The LiSSS is a corpus for evaluating emotions Spanish in literary texts. The LiSSS corpus is constituted by clusters of related literary sentences, phrases and paragraphs along with five reference emotions selected by human annotators:
We have collected literary (poetic, narration, stories, etc.) Spanish sentences and phrases from books or Internet. Each cluster is composed of related sentences describing a specific emotion about Love, Fear, Happiness, Anger and Sadness/Pain (see our paper for more details). The corpus is coded using an emotion code: (A,L,F,H,S). A sentence may belong to several clusters.
The text format is: unique ID, emotion code, the sentence and the author (tabs are separators). By example:
1A El odio es la venganza de un cobarde intimidado. # George Bernard Shaw
2A El desprecio debe ser el más misterioso de nuestros sentimientos. # Antoine de Rivarol
3LS Lo único que me duele de morir, es que no sea de amor. # Gabriel García Márquez
4F Cuando se viaja en avión solamente existen dos clases de emociones: el aburrimiento y el terror. # Orson Welles
5A La ira es una locura corta. # Horacio
6A El odio es el invierno del corazón. # Victor Hugo
7AF Intenta no ocupar tu vida en odiar y tener miedo. # Stendhal
8HS No somos felices: nuestra felicidad es el silencio de la desgracia. # Jules Renard
9S He cometido el peor pecado que un hombre puede cometer. No he sido feliz # Jorge Luis Borges
10H Felicidad no es hacer lo que uno quiere, sino querer lo que uno hace. # Jean Paul Sartre
11A Si los hombres se odian, nada se puede hacer. # José Saramago
In XML format each champ is separated using suitable xml tags.
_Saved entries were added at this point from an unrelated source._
lemma link_velocity_ex1:
  assumes s1: "future_unit s1" and s2: "future_unit s2"
  shows "\<exists>!b. b \<in> tangent_space \<eta> s \<and> \<eta> b b < 1 \<and> boost \<eta> s b s1 = s2"
proof (cases "proj s2 - proj s1 = 0")
  case True
  then have "s1 = s2"
    using future_unit_proj_inj[OF s1 s2] by simp
  then show ?thesis
    using boost_eq_self_iff[OF s1] by (intro ex1I[of _ 0]) (auto simp: tangent_space_def)
next
  case False
  define y where "y = proj s2 - proj s1"
  define n where "n = direction y"
  have n: "\<eta> n s = 0" "\<eta> n n = 1"
    using direction[of y] False by (simp_all add: n_def y_def)
  have s2_proj: "proj s2 = proj s1 + sqrt (\<eta> y y) *\<^sub>R n"
    using direction(3)[of y] False by (simp add: n_def y_def)
  let ?P = "\<lambda>t. \<bar>t\<bar> < 1 \<and> hyperbolic_rotation t (- \<eta> s s1, \<eta> n s1) = (- \<eta> s s2, \<eta> n s2)"
  have boost_iff: "boost \<eta> s (t *\<^sub>R n) s1 = s2 \<longleftrightarrow> ?P t" if "\<bar>t\<bar> < 1" for t
    using boost_eq_iff[OF n that s2_proj] that by simp
  have "\<exists>!t. ?P t"
    using future_unit_abs_lt[OF s1 n] future_unit_abs_lt[OF s2 n]
      hyperbolic_invariant[OF _ _ n s2_proj] s1 s2
    by (intro hyperbolic_rotation_ex1) (simp_all add: future_unit_def)
  then obtain t where t: "?P t" and t_unique: "\<And>t'. ?P t' \<Longrightarrow> t' = t"
    by blast
  show ?thesis
  proof (rule ex1I[of _ "t *\<^sub>R n"])
    show "t *\<^sub>R n \<in> tangent_space \<eta> s \<and> \<eta> (t *\<^sub>R n) (t *\<^sub>R n) < 1 \<and> boost \<eta> s (t *\<^sub>R n) s1 = s2"
      using t n boost_iff[of t]
      by (simp add: tangent_space_def abs_square_less_1 power2_eq_square[symmetric])
  next
    fix b assume b: "b \<in> tangent_space \<eta> s \<and> \<eta> b b < 1 \<and> boost \<eta> s b s1 = s2"
    then obtain t' where t': "\<bar>t'\<bar> < 1" "b = t' *\<^sub>R n"
      using boost_eq_imp_parallel[of b s1 s2] False
      by (auto simp: tangent_space_def n_def y_def)
    then have "?P t'"
      using b boost_iff by simp
    then show "b = t *\<^sub>R n"
      using t' t_unique by simp
  qed
qed

lemma link_velocity_eqI:
  assumes "future_unit s1" and "future_unit s2"
    and "\<eta> b s = 0" and "\<eta> b b < 1" and "boost \<eta> s b s1 = s2"
  shows "link_velocity \<eta> s s1 s2 = b"
  unfolding link_velocity_def
  using assms by (intro the1_equality[OF link_velocity_ex1]) (simp_all add: tangent_space_def)

lemma link_velocity_swap:
  assumes "future_unit s1" and "future_unit s2"
  shows "link_velocity \<eta> s s2 s1 = - link_velocity \<eta> s s1 s2"
proof -
  obtain b where b: "\<eta> b s = 0" "\<eta> b b < 1" "boost \<eta> s b s1 = s2"
    using link_velocity_ex1[OF assms] by (auto simp: tangent_space_def)
  have "boost \<eta> s (- b) s2 = s1"
    using boost_uminus_inverse[OF b(1,2)] b(3) by blast
  then have "link_velocity \<eta> s s2 s1 = - b"
    using b by (intro link_velocity_eqI[OF assms(2,1)]) simp_all
  moreover have "link_velocity \<eta> s s1 s2 = b"
    using b by (intro link_velocity_eqI[OF assms])
  ultimately show ?thesis
    by simp
qed

end

text \<open>Coordinates with respect to the orthonormal basis of \<open>lorentz_form\<close>, the three spatial
  ones collected in a Euclidean space so that Cauchy--Schwarz applies to them.\<close>

lemma lorentz_form_coordinates:
  fixes \<eta> :: "'v::euclidean_space \<Rightarrow> 'v \<Rightarrow> real"
  assumes "lorentz_form \<eta>"
  obtains \<tau> :: "'v \<Rightarrow> real" and c :: "'v \<Rightarrow> real \<times> real \<times> real"
  where "\<And>u v. \<eta> u v = - \<tau> u * \<tau> v + inner (c u) (c v)"
    and "\<And>u. \<tau> u = 0 \<Longrightarrow> c u = 0 \<Longrightarrow> u = 0"
proof -
  from assms have bil: "bilinear \<eta>" and nondeg: "\<And>u. (\<forall>v. \<eta> u v = 0) \<Longrightarrow> u = 0"
    unfolding lorentz_form_def by auto
  from assms obtain e :: "nat \<Rightarrow> 'v" where span: "span (e ` {..<4}) = UNIV"
    and on: "\<And>i j. i < 4 \<Longrightarrow> j < 4 \<Longrightarrow>
      \<eta> (e i) (e j) = (if i \<noteq> j then 0 else if i = 0 then -1 else 1)"
    unfolding lorentz_form_def by blast
  have four: "j < 4 \<longleftrightarrow> j = 0 \<or> j = 1 \<or> j = 2 \<or> j = 3" for j :: nat
    by auto
  have vanish: "u = 0" if "\<And>j. j < 4 \<Longrightarrow> \<eta> u (e j) = 0" for u
  proof (rule nondeg, intro allI)
    fix v
    have "linear (\<eta> u)"
      using bil unfolding bilinear_def by simp
    then show "\<eta> u v = 0"
      using linear_eq_0_on_span[of "\<eta> u" "e ` {..<4}" v] span that by auto
  qed
  define \<tau> where "\<tau> u = \<eta> u (e 0)" for u
  define c where "c u = (\<eta> u (e 1), \<eta> u (e 2), \<eta> u (e 3))" for u
  note bil_simps = bilinear_ladd[OF bil] bilinear_lsub[OF bil] bilinear_lmul[OF bil]
    bilinear_lneg[OF bil] bilinear_radd[OF bil] bilinear_rsub[OF bil] bilinear_rmul[OF bil]
    bilinear_rneg[OF bil]
  have "\<eta> u v = - \<tau> u * \<tau> v + inner (c u) (c v)" for u v
  proof -
    define v' where
      "v' = (- \<eta> v (e 0)) *\<^sub>R e 0 + \<eta> v (e 1) *\<^sub>R e 1 + \<eta> v (e 2) *\<^sub>R e 2 + \<eta> v (e 3) *\<^sub>R e 3"
    have "v - v' = 0"
      by (rule vanish) (auto simp: four v'_def bil_simps on)
    then have "\<eta> u v = \<eta> u v'"
      by simp
    then show ?thesis
      by (simp add: v'_def bil_simps \<tau>_def c_def)
  qed
  moreover have "u = 0" if "\<tau> u = 0" "c u = 0" for u
    using that by (intro vanish) (auto simp: four \<tau>_def c_def zero_prod_def)
  ultimately show thesis
    by (rule that)
qed
(* There is $n_0$ such that for all even $n\ge n_0$ and all integers $d\ge n/2$, every $d$-regular graph $G$ on $n$ vertices satisfies $$M(G)\le\Big(\big(1+n^{-1/2}\big)\frac{d}{e^2}\Big)^{dn/2},$$ where $M(G)$ denotes the number of 1-factorizations of $G$.
   Context: A 1-factorization of a $d$-regular graph $G$ is an ordered $d$-tuple of pairwise edge-disjoint perfect matchings of $G$ whose union is $E(G)$ (equivalently, a proper edge-colouring of $G$ with colour set $[d]$). $e$ denotes Euler's number. *)

theory Defs
  imports Complex_Main "HOL-Library.FuncSet"
begin

definition simple_graph :: "'a set \<Rightarrow> 'a set set \<Rightarrow> bool" where
  "simple_graph V E \<longleftrightarrow> finite V \<and>
     (\<forall>e\<in>E. \<exists>u v. u \<in> V \<and> v \<in> V \<and> u \<noteq> v \<and> e = {u, v})"

definition regular_graph :: "'a set \<Rightarrow> 'a set set \<Rightarrow> nat \<Rightarrow> bool" where
  "regular_graph V E d \<longleftrightarrow> simple_graph V E \<and> (\<forall>v\<in>V. card {e\<in>E. v \<in> e} = d)"

definition perfect_matching :: "'a set \<Rightarrow> 'a set set \<Rightarrow> 'a set set \<Rightarrow> bool" where
  "perfect_matching V E M \<longleftrightarrow> M \<subseteq> E \<and> (\<forall>v\<in>V. \<exists>!e. e \<in> M \<and> v \<in> e)"
lemma shear_heights_clamp01_affine:
  assumes "affine_fun L" "coord_indep l L"
  shows "(\<lambda>x. clamp01 (L x)) \<in> shear_heights l"
  unfolding clamp01_def
  using assms by (intro shear_heights_diff shear_heights_relu_affine affine_fun_intros)
    (auto simp: coord_indep_def)

subsection \<open>Piecewise linear interpolation on a grid\<close>

lemma obtain_grid_cell:
  fixes A D t :: real and N :: nat
  assumes "D > 0" "N > 0" "A \<le> t" "t \<le> A + N * D"
  obtains j where "j < N" "A + j * D \<le> t" "t \<le> A + Suc j * D"
proof -
  define j where "j = nat \<lfloor>(t - A) / D\<rfloor>"
  have "0 \<le> (t - A) / D"
    using assms by simp
  then have "j \<le> (t - A) / D" "(t - A) / D < j + 1"
    unfolding j_def by linarith+
  then have j: "A + j * D \<le> t" "t < A + (j + 1) * D"
    using assms(1) by (simp_all add: field_simps)
  show ?thesis
  proof (cases "j < N")
    case True
    then show ?thesis
      using j by (intro that[of j]) auto
  next
    case False
    then have "N * D \<le> j * D"
      using assms(1) by (intro mult_right_mono) auto
    then have "t = A + N * D"
      using j assms(4) by linarith
    then show ?thesis
      using assms by (intro that[of "N - 1"]) (auto simp: of_nat_diff algebra_simps)
  qed
qed

lemma sum_lessThan_split_at:
  fixes f d :: "nat \<Rightarrow> real"
  assumes "j < N" "\<And>k. k < j \<Longrightarrow> f k = d k" "\<And>k. j < k \<Longrightarrow> k < N \<Longrightarrow> f k = 0"
  shows "(\<Sum>k<N. f k) = (\<Sum>k<j. d k) + f j"
  using assms
proof (induction N)
  case (Suc n)
  show ?case
  proof (cases "j = n")
    case True
    then have "(\<Sum>k<n. f k) = (\<Sum>k<n. d k)"
      using Suc.prems by (intro sum.cong) auto
    with True show ?thesis by simp
  next
    case False
    then show ?thesis using Suc by simp
  qed
qed simp

lemma sum_clamp01_grid:
  fixes c \<eta> :: "nat \<Rightarrow> real" and D p0 u :: real
  assumes j: "j < N" and \<eta>: "\<And>k. k < N \<Longrightarrow> 0 < \<eta> k \<and> \<eta> k \<le> D"
    and u: "p0 + j * D \<le> u" "u \<le> p0 + Suc j * D"
  shows "(\<Sum>k<N. c k * clamp01 ((u - (p0 + k * D)) / \<eta> k))
       = (\<Sum>k<j. c k) + c j * clamp01 ((u - (p0 + j * D)) / \<eta> j)"
proof (rule sum_lessThan_split_at[OF j])
  have D: "D > 0" using \<eta>[OF j] by linarith
  fix k
  assume "k < j"
  then have "(Suc k) * D \<le> j * D"
    using D by (intro mult_right_mono) auto
  then have "\<eta> k \<le> u - (p0 + k * D)"
    using \<eta>[of k] \<open>k < j\<close> j u by (auto simp: algebra_simps)
  then show "c k * clamp01 ((u - (p0 + k * D)) / \<eta> k) = c k"
    using \<eta>[of k] \<open>k < j\<close> j by (simp add: clamp01_ge1)
next
  have D: "D > 0" using \<eta>[OF j] by linarith
  fix k
  assume "j < k" "k < N"
  then have "Suc j * D \<le> k * D"
    using D by (intro mult_right_mono) auto
  then have "u - (p0 + k * D) \<le> 0"
    using u by simp
  then show "c k * clamp01 ((u - (p0 + k * D)) / \<eta> k) = 0"
    using \<eta>[of k] \<open>k < N\<close> by (simp add: clamp01_le0 divide_nonpos_pos)
qed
The corpus has been single-annotated (more than 42 000 tokens but the number of sentences increase as the new versions go on) or multi-annotated (several annotators, two voting strategies, but the number of annotators may increase). Versions tagged using Freeling 4.1 are also availables.
The LiSSS corpus in formats XML/text (encoding utf8, GNU/Linux end-of-line) is distributed under LGPL license. New versions, with more literary sentences, phrases and annotations will be aggregated periodically.
Multi-annotated corpora (202 authors, 500 sentences; output/tagged Freeling 4.1; XML/text format)
Single-annotated corpora (output/tagged Freeling 4.1; XML/text format)
How to cite this corpus? If you use LiSSS corpus, please cite:
@article{lisss:2020:torres+moreno,
author = {Juan-Manuel Torres-Moreno and Luis-Gil Moreno-Jim{\'{e}}nez},
title = {LiSSS: A toy corpus of Spanish Literary Sentences for Emotions detection },
journal = {arXiv},
volume = {2005.08223v1},
year = {2020}
}
@conference{lisss:2020:moreno+torres,
author = {Luis-Gil Moreno-Jim{\'{e}}nez and Juan-Manuel Torres-Moreno},
title = {LISS: A Corpus of Literary Spanish Sentimental Sentences for Emotions Detection},
journal = {CILCC},
pages = {63--68},
year = {2020}
}